─── TASK INPUT ───

(* Let a system $u_{n+1,x}^j = F^j(x,n,u_{n,x}^j,u_n,u_{n+1})$, $j=1,\dots,N$, be the compatibility condition of the linear systems $$\Phi_{n+1}=U_n\Phi_n,\qquad \Phi_{n,x}=V_n\Phi_n,$$ i.e. $D_xU_n=V_{n+1}U_n-U_nV_n$ holds by virtue of the system, where $U_n=(a_{ik,n})$ is an $m\times m$ upper triangular matrix and $V_n=(b_{ik,n})$ is an $m\times m$ lower triangular matrix, with entries functions of the dynamical variables. For $k\ge0$ let $P^{(k)}_n=U_{n+k}U_{n+k-1}\cdots U_n$ and let $p^{(k)}_{1m,n}$ denote its entry in the first row and last column. If $D_nb_{11,n}=b_{11,n}$ and $b_{11,n}=b_{mm,n}$, then $J=p^{(k)}_{1m,n}$ is an $x$-integral of the system, i.e. $D_xJ=0$ by virtue of the system.
   Context: The dynamical variables are $u^j_n,u^j_{n\pm1},\dots$ and $u^j_{n,x},u^j_{n,xx},\dots$, treated as independent; $D_n$ is the shift $D_ny(n)=y(n+1)$ and $D_x$ is the total $x$-derivative, with $x$-derivatives of shifted variables expressed through the system (and its converse form $u^j_{n-1,x}=G^j(x,n,u^j_{n,x},u_n,u_{n-1})$, assumed to exist). A function $J$ of $x,n$ and $u_n,u_{n\pm1},u_{n\pm2},\dots$ is called an $x$-integral if $D_xJ=0$ holds by virtue of the system. *)

theory Defs
  imports Main
begin

text \<open>Abstract differential-difference ring: the ring of functions of the dynamical
  variables (modulo the system).  Dx is the total x-derivative (a derivation),
  Dn is the shift operator (a ring endomorphism), and they commute by virtue
  of the system.\<close>

definition is_derivation :: "('a::comm_ring_1 \<Rightarrow> 'a) \<Rightarrow> bool" where
  "is_derivation D \<longleftrightarrow> (\<forall>a b. D (a + b) = D a + D b) \<and> (\<forall>a b. D (a * b) = D a * b + a * D b)"

definition is_ring_endo :: "('a::comm_ring_1 \<Rightarrow> 'a) \<Rightarrow> bool" where
  "is_ring_endo S \<longleftrightarrow> (\<forall>a b. S (a + b) = S a + S b) \<and> (\<forall>a b. S (a * b) = S a * S b)
     \<and> S 0 = 0 \<and> S 1 = 1"

definition diff_diff_ring :: "('a::comm_ring_1 \<Rightarrow> 'a) \<Rightarrow> ('a \<Rightarrow> 'a) \<Rightarrow> bool" where
  "diff_diff_ring Dx Dn \<longleftrightarrow> is_derivation Dx \<and> is_ring_endo Dn \<and> (\<forall>a. Dx (Dn a) = Dn (Dx a))"

text \<open>m x m matrices with rows/columns indexed by 1..m.\<close>
type_synonym 'a mat = "nat \<Rightarrow> nat \<Rightarrow> 'a"

definition mat_mult :: "nat \<Rightarrow> 'a::comm_ring_1 mat \<Rightarrow> 'a mat \<Rightarrow> 'a mat" where
  "mat_mult m A B = (\<lambda>i k. \<Sum>j\<in>{1..m}. A i j * B j k)"

definition upper_triangular :: "nat \<Rightarrow> 'a::zero mat \<Rightarrow> bool" where
  "upper_triangular m A \<longleftrightarrow> (\<forall>i\<in>{1..m}. \<forall>k\<in>{1..m}. k < i \<longrightarrow> A i k = 0)"

definition lower_triangular :: "nat \<Rightarrow> 'a::zero mat \<Rightarrow> bool" where
  "lower_triangular m A \<longleftrightarrow> (\<forall>i\<in>{1..m}. \<forall>k\<in>{1..m}. i < k \<longrightarrow> A i k = 0)"

text \<open>Entrywise shift by j steps: the matrix A_{n+j} from A_n.\<close>
definition mat_shift :: "('a \<Rightarrow> 'a) \<Rightarrow> nat \<Rightarrow> 'a mat \<Rightarrow> 'a mat" where
  "mat_shift Dn j A = (\<lambda>i k. (Dn ^^ j) (A i k))"

fun Pmat :: "nat \<Rightarrow> ('a::comm_ring_1 \<Rightarrow> 'a) \<Rightarrow> 'a mat \<Rightarrow> nat \<Rightarrow> 'a mat" where
  "Pmat m Dn U 0 = U"
| "Pmat m Dn U (Suc k) = mat_mult m (mat_shift Dn (Suc k) U) (Pmat m Dn U k)"

end

theory Submission
  imports Defs
begin

text \<open>Call a matrix A a gauge map from V to W if Dx A = W A - A V.  Such an A carries
  solutions of Phi_x = V Phi to solutions of Psi_x = W Psi, and gauge maps compose.  The
  compatibility condition says that U_n is a gauge map from V_n to V_(n+1), hence P^(k)_n is one
  from V_n to V_(n+k+1).  Both being lower triangular, the corner entry p = p^(k)_(1m,n) satisfies
  Dx p = (Dn^(k+1) b_11 - b_mm) p, and this factor vanishes.\<close>

lemma is_ring_endo_funpow: "is_ring_endo S \<Longrightarrow> is_ring_endo (S ^^ j)"
  by (induction j) (auto simp: is_ring_endo_def)

lemma ring_endo_sum:
  assumes "is_ring_endo S"
  shows "S (sum f A) = (\<Sum>x\<in>A. S (f x))"
proof (cases "finite A")
  case True
  then show ?thesis
    using assms by (induction A rule: finite_induct) (auto simp: is_ring_endo_def)
next
  case False
  then show ?thesis using assms by (simp add: is_ring_endo_def)
qed

lemma ring_endo_diff:
  assumes "is_ring_endo S"
  shows "S (a - b) = S a - S b"
  using assms unfolding is_ring_endo_def by (metis diff_add_cancel eq_diff_eq)

lemma derivation_zero: "is_derivation D \<Longrightarrow> D 0 = 0"
  unfolding is_derivation_def by (metis add_cancel_right_right add_0)

lemma derivation_sum:
  assumes "is_derivation D"
  shows "D (sum f A) = (\<Sum>x\<in>A. D (f x))"
proof (cases "finite A")
  case True
  then show ?thesis
    using assms by (induction A rule: finite_induct) (auto simp: is_derivation_def derivation_zero)
next
  case False
  then show ?thesis using assms by (simp add: derivation_zero)
qed

lemma diff_diff_ring_funpow_commute:
  assumes "diff_diff_ring Dx Dn"
  shows "Dx ((Dn ^^ j) a) = (Dn ^^ j) (Dx a)"
  using assms by (induction j arbitrary: a) (auto simp: diff_diff_ring_def)

lemma mat_mult_assoc: "mat_mult m (mat_mult m A B) C = mat_mult m A (mat_mult m B C)"
  unfolding mat_mult_def
  by (auto simp: sum_distrib_left sum_distrib_right mult.assoc intro!: ext sum.swap)

lemma derivation_mat_mult:
  assumes "is_derivation D"
  shows "D (mat_mult m A B i l) =
    (\<Sum>j\<in>{1..m}. D (A i j) * B j l + A i j * D (B j l))"
  using assms by (simp add: mat_mult_def derivation_sum is_derivation_def)

lemma mat_mult_lower_triangular_first_row:
  assumes "lower_triangular m W" "m \<ge> 1"
  shows "mat_mult m W A 1 l = W 1 1 * A 1 l"
proof -
  have "W 1 j * A j l = 0" if "j \<in> {1..m} - {1}" for j
    using assms that by (auto simp: lower_triangular_def)
  then show ?thesis
    using assms(2) by (simp add: mat_mult_def sum.remove[of _ 1] sum.neutral)
qed

lemma mat_mult_lower_triangular_last_column:
  assumes "lower_triangular m V" "m \<ge> 1"
  shows "mat_mult m A V i m = A i m * V m m"
proof -
  have "A i j * V j m = 0" if "j \<in> {1..m} - {m}" for j
    using assms that by (auto simp: lower_triangular_def)
  then show ?thesis
    using assms(2) by (simp add: mat_mult_def sum.remove[of _ m] sum.neutral)
qed

lemma mat_shift_mat_mult:
  assumes "is_ring_endo Dn"
  shows "mat_shift Dn j (mat_mult m A B) = mat_mult m (mat_shift Dn j A) (mat_shift Dn j B)"
  using is_ring_endo_funpow[OF assms]
  by (simp add: mat_shift_def mat_mult_def ring_endo_sum is_ring_endo_def)

lemma mat_shift_mat_shift: "mat_shift Dn i (mat_shift Dn j A) = mat_shift Dn (i + j) A"
  by (simp add: mat_shift_def funpow_add)

lemma lower_triangular_mat_shift:
  assumes "is_ring_endo Dn" "lower_triangular m V"
  shows "lower_triangular m (mat_shift Dn j V)"
  using is_ring_endo_funpow[OF assms(1)] assms(2)
  by (simp add: lower_triangular_def mat_shift_def is_ring_endo_def)

definition gauge_map :: "('a::comm_ring_1 \<Rightarrow> 'a) \<Rightarrow> nat \<Rightarrow> 'a mat \<Rightarrow> 'a mat \<Rightarrow> 'a mat \<Rightarrow> bool"
  where "gauge_map Dx m V W A \<longleftrightarrow>
    (\<forall>i\<in>{1..m}. \<forall>l\<in>{1..m}. Dx (A i l) = mat_mult m W A i l - mat_mult m A V i l)"

lemma gauge_map_mat_mult:
  assumes "is_derivation Dx" "gauge_map Dx m V W B" "gauge_map Dx m W X A"
  shows "gauge_map Dx m V X (mat_mult m A B)"
  unfolding gauge_map_def
proof (intro ballI)
  fix i l
  assume il: "i \<in> {1..m}" "l \<in> {1..m}"
  have "Dx (mat_mult m A B i l) = (\<Sum>j\<in>{1..m}. Dx (A i j) * B j l + A i j * Dx (B j l))"
    using assms(1) by (rule derivation_mat_mult)
  also have "\<dots> = (\<Sum>j\<in>{1..m}. (mat_mult m X A i j - mat_mult m A W i j) * B j l
      + A i j * (mat_mult m W B j l - mat_mult m B V j l))"
    using il assms(2,3) by (intro sum.cong) (auto simp: gauge_map_def)
  also have "\<dots> = mat_mult m (mat_mult m X A) B i l - mat_mult m (mat_mult m A W) B i l
      + mat_mult m A (mat_mult m W B) i l - mat_mult m A (mat_mult m B V) i l"
    unfolding mat_mult_def[of m _ B] mat_mult_def[of m A]
    by (simp add: algebra_simps sum.distrib sum_subtractf)
  also have "\<dots> = mat_mult m X (mat_mult m A B) i l - mat_mult m (mat_mult m A B) V i l"
    by (simp add: mat_mult_assoc)
  finally show "Dx (mat_mult m A B i l) =
      mat_mult m X (mat_mult m A B) i l - mat_mult m (mat_mult m A B) V i l" .
qed

lemma gauge_map_mat_shift:
  assumes "diff_diff_ring Dx Dn" "gauge_map Dx m V W A"
  shows "gauge_map Dx m (mat_shift Dn j V) (mat_shift Dn j W) (mat_shift Dn j A)"
  unfolding gauge_map_def
proof (intro ballI)
  fix i l
  assume il: "i \<in> {1..m}" "l \<in> {1..m}"
  have endo: "is_ring_endo (Dn ^^ j)"
    using assms(1) is_ring_endo_funpow by (auto simp: diff_diff_ring_def)
  have "Dx (mat_shift Dn j A i l) = (Dn ^^ j) (Dx (A i l))"
    using assms(1) by (simp add: mat_shift_def diff_diff_ring_funpow_commute)
  also have "\<dots> = mat_shift Dn j (mat_mult m W A) i l - mat_shift Dn j (mat_mult m A V) i l"
    using assms(2) il by (simp add: gauge_map_def mat_shift_def ring_endo_diff[OF endo])
  finally show "Dx (mat_shift Dn j A i l) =
      mat_mult m (mat_shift Dn j W) (mat_shift Dn j A) i l
      - mat_mult m (mat_shift Dn j A) (mat_shift Dn j V) i l"
    using assms(1) by (simp add: mat_shift_mat_mult diff_diff_ring_def)
qed

lemma gauge_map_Pmat:
  assumes "diff_diff_ring Dx Dn" "gauge_map Dx m V (mat_shift Dn 1 V) U"
  shows "gauge_map Dx m V (mat_shift Dn (Suc k) V) (Pmat m Dn U k)"
proof (induction k)
  case 0
  then show ?case using assms(2) by simp
next
  case (Suc k)
  have "gauge_map Dx m (mat_shift Dn (Suc k) V) (mat_shift Dn (Suc (Suc k)) V)
      (mat_shift Dn (Suc k) U)"
    using gauge_map_mat_shift[OF assms, of "Suc k"] by (simp add: mat_shift_mat_shift)
  with Suc.IH show ?case
    using assms(1) by (simp add: gauge_map_mat_mult diff_diff_ring_def)
qed

lemma gauge_map_corner_const:
  assumes "gauge_map Dx m V W A" "lower_triangular m V" "lower_triangular m W"
    and "m \<ge> 1" "W 1 1 = V m m"
  shows "Dx (A 1 m) = 0"
proof -
  have "Dx (A 1 m) = mat_mult m W A 1 m - mat_mult m A V 1 m"
    using assms(1,4) by (simp add: gauge_map_def)
  also have "\<dots> = W 1 1 * A 1 m - A 1 m * V m m"
    by (simp only: mat_mult_lower_triangular_first_row[OF assms(3,4)]
        mat_mult_lower_triangular_last_column[OF assms(2,4)])
  finally show ?thesis
    using assms(5) by (simp add: mult.commute)
qed

theorem lemma4:
  fixes Dx Dn :: "'a::comm_ring_1 \<Rightarrow> 'a" and m :: nat and U V :: "'a mat" and k :: nat
  assumes "diff_diff_ring Dx Dn"
    and "m \<ge> 1"
    and "upper_triangular m U"
    and "lower_triangular m V"
    and "\<forall>i\<in>{1..m}. \<forall>l\<in>{1..m}.
           Dx (U i l) = mat_mult m (mat_shift Dn 1 V) U i l - mat_mult m U V i l"
    and "Dn (V 1 1) = V 1 1"
    and "V 1 1 = V m m"
  shows "Dx (Pmat m Dn U k 1 m) = 0"
proof -
  have "gauge_map Dx m V (mat_shift Dn 1 V) U"
    using assms(5) by (simp only: gauge_map_def)
  then have gauge: "gauge_map Dx m V (mat_shift Dn (Suc k) V) (Pmat m Dn U k)"
    by (rule gauge_map_Pmat[OF assms(1)])
  have lower: "lower_triangular m (mat_shift Dn (Suc k) V)"
    using assms(1,4) by (simp add: lower_triangular_mat_shift diff_diff_ring_def)
  have "(Dn ^^ j) (V 1 1) = V 1 1" for j
    using assms(6) by (induction j) simp_all
  then have "mat_shift Dn (Suc k) V 1 1 = V m m"
    using assms(7) by (simp only: mat_shift_def)
  with gauge assms(4) lower assms(2) show ?thesis
    by (rule gauge_map_corner_const)
qed

end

───

● WORK INSTRUCTIONS
Exactly the lines from the one containing "m) = mat_mult" through the end of the records above should be returned, with both ends kept.

● REPLY
  have "Dx (A 1 m) = mat_mult m W A 1 m - mat_mult m A V 1 m"
    using assms(1,4) by (simp add: gauge_map_def)
  also have "\<dots> = W 1 1 * A 1 m - A 1 m * V m m"
    by (simp only: mat_mult_lower_triangular_first_row[OF assms(3,4)]
        mat_mult_lower_triangular_last_column[OF assms(2,4)])
  finally show ?thesis
    using assms(5) by (simp add: mult.commute)
qed

theorem lemma4:
  fixes Dx Dn :: "'a::comm_ring_1 \<Rightarrow> 'a" and m :: nat and U V :: "'a mat" and k :: nat
  assumes "diff_diff_ring Dx Dn"
    and "m \<ge> 1"
    and "upper_triangular m U"
    and "lower_triangular m V"
    and "\<forall>i\<in>{1..m}. \<forall>l\<in>{1..m}.
           Dx (U i l) = mat_mult m (mat_shift Dn 1 V) U i l - mat_mult m U V i l"
    and "Dn (V 1 1) = V 1 1"
    and "V 1 1 = V m m"
  shows "Dx (Pmat m Dn U k 1 m) = 0"
proof -
  have "gauge_map Dx m V (mat_shift Dn 1 V) U"
    using assms(5) by (simp only: gauge_map_def)
  then have gauge: "gauge_map Dx m V (mat_shift Dn (Suc k) V) (Pmat m Dn U k)"
    by (rule gauge_map_Pmat[OF assms(1)])
  have lower: "lower_triangular m (mat_shift Dn (Suc k) V)"
    using assms(1,4) by (simp add: lower_triangular_mat_shift diff_diff_ring_def)
  have "(Dn ^^ j) (V 1 1) = V 1 1" for j
    using assms(6) by (induction j) simp_all
  then have "mat_shift Dn (Suc k) V 1 1 = V m m"
    using assms(7) by (simp only: mat_shift_def)
  with gauge assms(4) lower assms(2) show ?thesis
    by (rule gauge_map_corner_const)
qed

end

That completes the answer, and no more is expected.